• _Instructions for the task_: Retype precisely the section of the data that starts at the line containing "theory Defs" and runs to its final line, ends included.

▶

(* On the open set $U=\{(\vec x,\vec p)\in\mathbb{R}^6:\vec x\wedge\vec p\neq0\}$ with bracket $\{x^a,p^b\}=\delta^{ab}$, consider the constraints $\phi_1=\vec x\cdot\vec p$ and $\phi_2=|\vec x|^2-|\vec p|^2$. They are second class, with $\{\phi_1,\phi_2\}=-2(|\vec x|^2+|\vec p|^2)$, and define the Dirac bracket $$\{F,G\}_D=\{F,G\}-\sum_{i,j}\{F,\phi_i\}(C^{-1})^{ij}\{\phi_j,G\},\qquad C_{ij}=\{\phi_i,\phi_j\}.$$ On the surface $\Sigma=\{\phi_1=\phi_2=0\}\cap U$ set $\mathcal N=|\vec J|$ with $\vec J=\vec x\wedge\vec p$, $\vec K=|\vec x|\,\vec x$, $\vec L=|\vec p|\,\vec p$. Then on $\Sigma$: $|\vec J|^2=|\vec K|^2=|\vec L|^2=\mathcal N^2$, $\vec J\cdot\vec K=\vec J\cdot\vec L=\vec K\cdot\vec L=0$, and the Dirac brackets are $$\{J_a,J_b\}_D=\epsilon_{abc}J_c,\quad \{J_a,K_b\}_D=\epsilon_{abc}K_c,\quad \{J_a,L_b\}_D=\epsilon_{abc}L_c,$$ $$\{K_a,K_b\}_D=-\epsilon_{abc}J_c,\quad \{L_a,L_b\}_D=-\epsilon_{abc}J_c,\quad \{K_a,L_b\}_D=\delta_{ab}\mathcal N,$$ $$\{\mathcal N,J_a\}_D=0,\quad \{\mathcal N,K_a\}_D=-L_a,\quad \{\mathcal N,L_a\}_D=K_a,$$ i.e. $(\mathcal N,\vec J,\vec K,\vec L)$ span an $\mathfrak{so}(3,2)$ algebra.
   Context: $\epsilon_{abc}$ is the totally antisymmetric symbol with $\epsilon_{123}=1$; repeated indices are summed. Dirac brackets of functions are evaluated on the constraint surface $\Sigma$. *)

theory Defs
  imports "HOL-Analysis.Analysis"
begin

◀

• _Completed exercise_:
theory Defs
  imports "HOL-Analysis.Analysis"
begin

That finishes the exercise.